Saved entries:
Start of Block
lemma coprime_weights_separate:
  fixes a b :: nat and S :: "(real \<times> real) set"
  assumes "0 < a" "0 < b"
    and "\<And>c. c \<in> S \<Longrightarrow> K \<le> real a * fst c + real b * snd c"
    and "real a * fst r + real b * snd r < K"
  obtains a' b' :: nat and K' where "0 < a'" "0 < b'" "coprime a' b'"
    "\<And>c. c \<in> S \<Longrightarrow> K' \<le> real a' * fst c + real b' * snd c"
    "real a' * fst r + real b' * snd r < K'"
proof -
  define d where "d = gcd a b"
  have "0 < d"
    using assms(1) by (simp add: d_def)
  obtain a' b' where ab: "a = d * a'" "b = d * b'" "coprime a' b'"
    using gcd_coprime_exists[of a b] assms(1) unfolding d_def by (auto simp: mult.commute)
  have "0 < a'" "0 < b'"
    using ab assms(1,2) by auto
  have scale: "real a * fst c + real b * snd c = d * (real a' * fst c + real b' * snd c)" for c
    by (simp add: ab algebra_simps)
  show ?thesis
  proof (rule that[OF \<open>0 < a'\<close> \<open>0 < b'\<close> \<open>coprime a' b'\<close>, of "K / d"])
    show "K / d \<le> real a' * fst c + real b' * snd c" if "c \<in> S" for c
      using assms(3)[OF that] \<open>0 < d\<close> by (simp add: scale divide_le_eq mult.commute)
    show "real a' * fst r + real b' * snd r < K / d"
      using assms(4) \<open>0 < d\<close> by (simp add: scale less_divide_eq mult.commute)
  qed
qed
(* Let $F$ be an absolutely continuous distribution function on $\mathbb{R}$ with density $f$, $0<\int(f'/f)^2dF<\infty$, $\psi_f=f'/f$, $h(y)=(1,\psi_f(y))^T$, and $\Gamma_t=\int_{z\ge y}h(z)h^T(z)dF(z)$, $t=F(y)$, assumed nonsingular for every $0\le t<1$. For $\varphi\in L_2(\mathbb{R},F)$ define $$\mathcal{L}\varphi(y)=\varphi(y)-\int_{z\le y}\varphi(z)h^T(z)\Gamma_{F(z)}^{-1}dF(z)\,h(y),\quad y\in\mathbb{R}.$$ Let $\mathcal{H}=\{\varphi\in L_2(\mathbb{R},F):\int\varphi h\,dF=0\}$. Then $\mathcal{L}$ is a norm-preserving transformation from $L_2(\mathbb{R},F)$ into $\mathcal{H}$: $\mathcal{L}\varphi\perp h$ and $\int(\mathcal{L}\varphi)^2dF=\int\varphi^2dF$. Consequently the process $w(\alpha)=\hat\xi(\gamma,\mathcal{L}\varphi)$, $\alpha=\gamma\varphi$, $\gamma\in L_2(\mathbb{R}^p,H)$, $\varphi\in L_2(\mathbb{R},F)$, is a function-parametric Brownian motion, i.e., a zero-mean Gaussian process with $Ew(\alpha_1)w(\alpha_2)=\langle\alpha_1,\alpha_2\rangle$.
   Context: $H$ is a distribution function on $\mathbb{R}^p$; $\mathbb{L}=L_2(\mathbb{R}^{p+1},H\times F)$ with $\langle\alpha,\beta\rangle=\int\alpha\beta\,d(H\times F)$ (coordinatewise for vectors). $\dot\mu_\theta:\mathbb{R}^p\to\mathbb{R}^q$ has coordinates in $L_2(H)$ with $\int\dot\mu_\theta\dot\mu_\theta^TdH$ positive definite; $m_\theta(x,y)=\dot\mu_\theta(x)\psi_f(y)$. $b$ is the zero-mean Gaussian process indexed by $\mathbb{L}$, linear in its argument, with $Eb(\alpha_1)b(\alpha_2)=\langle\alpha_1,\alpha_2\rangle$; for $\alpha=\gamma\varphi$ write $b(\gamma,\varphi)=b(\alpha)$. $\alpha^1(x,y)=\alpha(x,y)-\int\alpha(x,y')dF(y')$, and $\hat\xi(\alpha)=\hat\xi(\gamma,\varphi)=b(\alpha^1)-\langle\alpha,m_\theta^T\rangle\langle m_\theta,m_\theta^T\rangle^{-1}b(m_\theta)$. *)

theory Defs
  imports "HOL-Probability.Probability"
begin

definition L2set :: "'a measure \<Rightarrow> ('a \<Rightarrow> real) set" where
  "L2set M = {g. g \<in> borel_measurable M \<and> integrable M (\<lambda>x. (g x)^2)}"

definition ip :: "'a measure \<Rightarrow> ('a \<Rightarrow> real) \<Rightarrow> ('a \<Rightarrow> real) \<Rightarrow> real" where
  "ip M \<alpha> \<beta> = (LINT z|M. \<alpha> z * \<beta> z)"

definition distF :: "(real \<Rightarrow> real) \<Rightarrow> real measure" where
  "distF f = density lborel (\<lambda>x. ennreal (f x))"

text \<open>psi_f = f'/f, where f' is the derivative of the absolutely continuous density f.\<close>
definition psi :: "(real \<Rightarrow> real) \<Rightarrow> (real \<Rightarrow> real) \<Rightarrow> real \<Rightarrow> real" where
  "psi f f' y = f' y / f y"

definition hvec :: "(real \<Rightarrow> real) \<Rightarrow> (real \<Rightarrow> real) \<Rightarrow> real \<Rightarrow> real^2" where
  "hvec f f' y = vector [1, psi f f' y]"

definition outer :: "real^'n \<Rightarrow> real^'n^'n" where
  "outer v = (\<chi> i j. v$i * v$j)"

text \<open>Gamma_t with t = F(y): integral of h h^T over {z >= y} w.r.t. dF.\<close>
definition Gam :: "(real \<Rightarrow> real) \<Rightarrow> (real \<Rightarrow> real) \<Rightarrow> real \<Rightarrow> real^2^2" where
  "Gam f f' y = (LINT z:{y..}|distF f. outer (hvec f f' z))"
End of Block
Start of Block
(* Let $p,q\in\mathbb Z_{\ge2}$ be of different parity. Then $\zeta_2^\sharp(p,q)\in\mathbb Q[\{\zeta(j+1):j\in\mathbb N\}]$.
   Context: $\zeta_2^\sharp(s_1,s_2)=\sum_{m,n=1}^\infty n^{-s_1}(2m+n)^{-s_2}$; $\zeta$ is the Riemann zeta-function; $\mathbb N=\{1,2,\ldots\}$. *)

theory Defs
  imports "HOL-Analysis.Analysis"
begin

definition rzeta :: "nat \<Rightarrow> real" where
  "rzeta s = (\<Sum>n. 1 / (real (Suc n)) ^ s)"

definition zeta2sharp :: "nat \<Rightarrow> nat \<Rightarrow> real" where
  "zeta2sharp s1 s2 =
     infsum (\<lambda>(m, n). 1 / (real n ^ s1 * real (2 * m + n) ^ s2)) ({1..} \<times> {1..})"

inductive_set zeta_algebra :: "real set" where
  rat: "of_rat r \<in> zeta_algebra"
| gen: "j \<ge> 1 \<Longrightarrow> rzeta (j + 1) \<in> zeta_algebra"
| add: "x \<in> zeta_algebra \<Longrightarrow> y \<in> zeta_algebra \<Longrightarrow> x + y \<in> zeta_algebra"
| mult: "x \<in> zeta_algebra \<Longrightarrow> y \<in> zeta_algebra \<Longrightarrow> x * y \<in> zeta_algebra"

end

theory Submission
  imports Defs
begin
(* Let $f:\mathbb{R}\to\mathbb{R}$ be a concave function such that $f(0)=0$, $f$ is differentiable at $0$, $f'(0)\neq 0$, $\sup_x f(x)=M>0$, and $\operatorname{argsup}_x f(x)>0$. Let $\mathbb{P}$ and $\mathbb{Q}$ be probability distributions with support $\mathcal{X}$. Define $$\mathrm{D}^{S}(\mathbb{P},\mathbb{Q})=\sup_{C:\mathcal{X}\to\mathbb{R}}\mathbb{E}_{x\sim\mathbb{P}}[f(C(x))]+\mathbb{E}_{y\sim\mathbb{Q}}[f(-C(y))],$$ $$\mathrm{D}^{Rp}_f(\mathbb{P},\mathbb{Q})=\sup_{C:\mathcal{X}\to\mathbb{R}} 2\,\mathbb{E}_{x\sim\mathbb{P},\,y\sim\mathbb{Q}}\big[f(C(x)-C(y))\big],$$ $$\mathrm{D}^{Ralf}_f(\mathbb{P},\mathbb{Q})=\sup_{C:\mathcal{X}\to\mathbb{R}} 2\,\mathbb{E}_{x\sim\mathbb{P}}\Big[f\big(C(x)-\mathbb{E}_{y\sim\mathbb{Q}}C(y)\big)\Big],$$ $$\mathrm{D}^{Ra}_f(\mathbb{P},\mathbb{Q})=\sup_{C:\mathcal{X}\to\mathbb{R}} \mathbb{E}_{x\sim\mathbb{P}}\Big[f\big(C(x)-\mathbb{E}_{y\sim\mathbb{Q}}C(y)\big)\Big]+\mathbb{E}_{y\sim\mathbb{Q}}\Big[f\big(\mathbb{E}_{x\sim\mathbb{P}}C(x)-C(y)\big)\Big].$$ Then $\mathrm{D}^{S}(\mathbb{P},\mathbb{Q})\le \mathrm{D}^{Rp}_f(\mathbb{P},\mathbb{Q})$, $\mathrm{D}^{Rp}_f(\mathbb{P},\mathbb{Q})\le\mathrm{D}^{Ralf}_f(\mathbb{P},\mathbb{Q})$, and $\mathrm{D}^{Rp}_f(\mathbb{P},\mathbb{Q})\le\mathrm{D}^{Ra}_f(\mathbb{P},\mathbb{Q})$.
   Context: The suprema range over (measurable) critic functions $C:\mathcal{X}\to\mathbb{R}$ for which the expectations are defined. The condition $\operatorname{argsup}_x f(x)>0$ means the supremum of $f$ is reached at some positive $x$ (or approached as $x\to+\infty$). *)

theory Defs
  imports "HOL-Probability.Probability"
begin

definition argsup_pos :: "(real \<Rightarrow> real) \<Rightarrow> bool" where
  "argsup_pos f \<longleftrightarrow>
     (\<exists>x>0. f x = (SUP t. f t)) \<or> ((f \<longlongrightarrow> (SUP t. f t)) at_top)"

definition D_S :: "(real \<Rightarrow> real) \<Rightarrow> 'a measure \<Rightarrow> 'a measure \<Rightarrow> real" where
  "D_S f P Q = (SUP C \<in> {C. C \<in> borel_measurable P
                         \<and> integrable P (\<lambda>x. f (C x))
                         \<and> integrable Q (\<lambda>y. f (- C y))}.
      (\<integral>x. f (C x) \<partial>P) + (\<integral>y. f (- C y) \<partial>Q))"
End of Block
Start of Block
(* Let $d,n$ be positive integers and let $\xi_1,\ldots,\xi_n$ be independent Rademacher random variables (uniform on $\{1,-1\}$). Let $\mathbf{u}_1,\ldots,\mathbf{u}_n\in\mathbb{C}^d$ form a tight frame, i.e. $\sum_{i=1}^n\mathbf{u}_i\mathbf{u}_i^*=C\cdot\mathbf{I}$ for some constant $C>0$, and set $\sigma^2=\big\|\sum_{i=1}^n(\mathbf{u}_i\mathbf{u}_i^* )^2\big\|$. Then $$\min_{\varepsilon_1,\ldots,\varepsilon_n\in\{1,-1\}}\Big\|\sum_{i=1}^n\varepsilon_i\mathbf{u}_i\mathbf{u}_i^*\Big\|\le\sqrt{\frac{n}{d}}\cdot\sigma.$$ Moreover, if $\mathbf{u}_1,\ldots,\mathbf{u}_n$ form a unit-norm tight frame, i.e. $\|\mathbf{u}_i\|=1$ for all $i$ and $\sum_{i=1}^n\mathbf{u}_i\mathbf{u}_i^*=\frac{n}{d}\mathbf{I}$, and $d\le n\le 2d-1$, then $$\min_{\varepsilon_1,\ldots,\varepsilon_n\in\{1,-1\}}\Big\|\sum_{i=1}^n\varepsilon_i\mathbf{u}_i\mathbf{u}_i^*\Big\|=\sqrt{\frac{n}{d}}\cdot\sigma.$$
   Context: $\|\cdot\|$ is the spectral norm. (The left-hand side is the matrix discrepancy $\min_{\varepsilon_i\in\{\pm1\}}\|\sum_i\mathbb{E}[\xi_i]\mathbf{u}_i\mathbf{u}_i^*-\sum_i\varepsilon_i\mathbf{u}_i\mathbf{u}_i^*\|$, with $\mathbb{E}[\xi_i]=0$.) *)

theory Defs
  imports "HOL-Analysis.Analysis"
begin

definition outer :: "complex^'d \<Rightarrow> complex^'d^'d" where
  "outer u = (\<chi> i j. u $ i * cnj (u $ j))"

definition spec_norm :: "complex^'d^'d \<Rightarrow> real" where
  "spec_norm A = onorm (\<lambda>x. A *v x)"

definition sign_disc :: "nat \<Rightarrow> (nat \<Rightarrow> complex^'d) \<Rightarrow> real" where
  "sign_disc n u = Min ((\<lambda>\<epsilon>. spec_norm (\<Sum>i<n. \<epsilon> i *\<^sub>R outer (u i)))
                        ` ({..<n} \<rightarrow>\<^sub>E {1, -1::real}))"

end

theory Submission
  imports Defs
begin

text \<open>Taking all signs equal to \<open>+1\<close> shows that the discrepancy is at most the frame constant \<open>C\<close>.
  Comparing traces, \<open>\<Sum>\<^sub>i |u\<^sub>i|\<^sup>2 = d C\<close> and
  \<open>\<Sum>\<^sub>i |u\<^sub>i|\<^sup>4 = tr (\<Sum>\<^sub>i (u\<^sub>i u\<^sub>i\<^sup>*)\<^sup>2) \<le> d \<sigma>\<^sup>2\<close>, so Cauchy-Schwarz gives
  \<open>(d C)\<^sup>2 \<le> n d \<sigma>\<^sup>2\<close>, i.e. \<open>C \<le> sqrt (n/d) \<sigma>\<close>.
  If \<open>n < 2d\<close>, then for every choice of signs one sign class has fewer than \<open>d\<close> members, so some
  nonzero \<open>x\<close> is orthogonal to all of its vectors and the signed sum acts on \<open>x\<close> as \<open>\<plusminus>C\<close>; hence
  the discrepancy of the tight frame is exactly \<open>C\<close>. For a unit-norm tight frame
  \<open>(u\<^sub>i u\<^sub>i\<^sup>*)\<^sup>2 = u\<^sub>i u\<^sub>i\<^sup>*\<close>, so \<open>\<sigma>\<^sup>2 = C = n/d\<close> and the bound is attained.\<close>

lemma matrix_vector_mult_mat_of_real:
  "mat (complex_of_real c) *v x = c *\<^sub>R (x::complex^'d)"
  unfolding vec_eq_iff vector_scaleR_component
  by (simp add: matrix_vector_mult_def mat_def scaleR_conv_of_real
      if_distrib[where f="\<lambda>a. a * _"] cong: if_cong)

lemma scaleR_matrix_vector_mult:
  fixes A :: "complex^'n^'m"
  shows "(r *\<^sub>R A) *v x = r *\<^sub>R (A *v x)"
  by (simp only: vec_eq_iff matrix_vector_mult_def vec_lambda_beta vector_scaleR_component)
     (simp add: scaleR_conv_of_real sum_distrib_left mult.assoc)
End of Block
Exercise details: Which lines in the records above contain the string "unfolding"? Copy each one.

Answer to this exercise:
    using gcd_coprime_exists[of a b] assms(1) unfolding d_def by (auto simp: mult.commute)
  unfolding vec_eq_iff vector_scaleR_component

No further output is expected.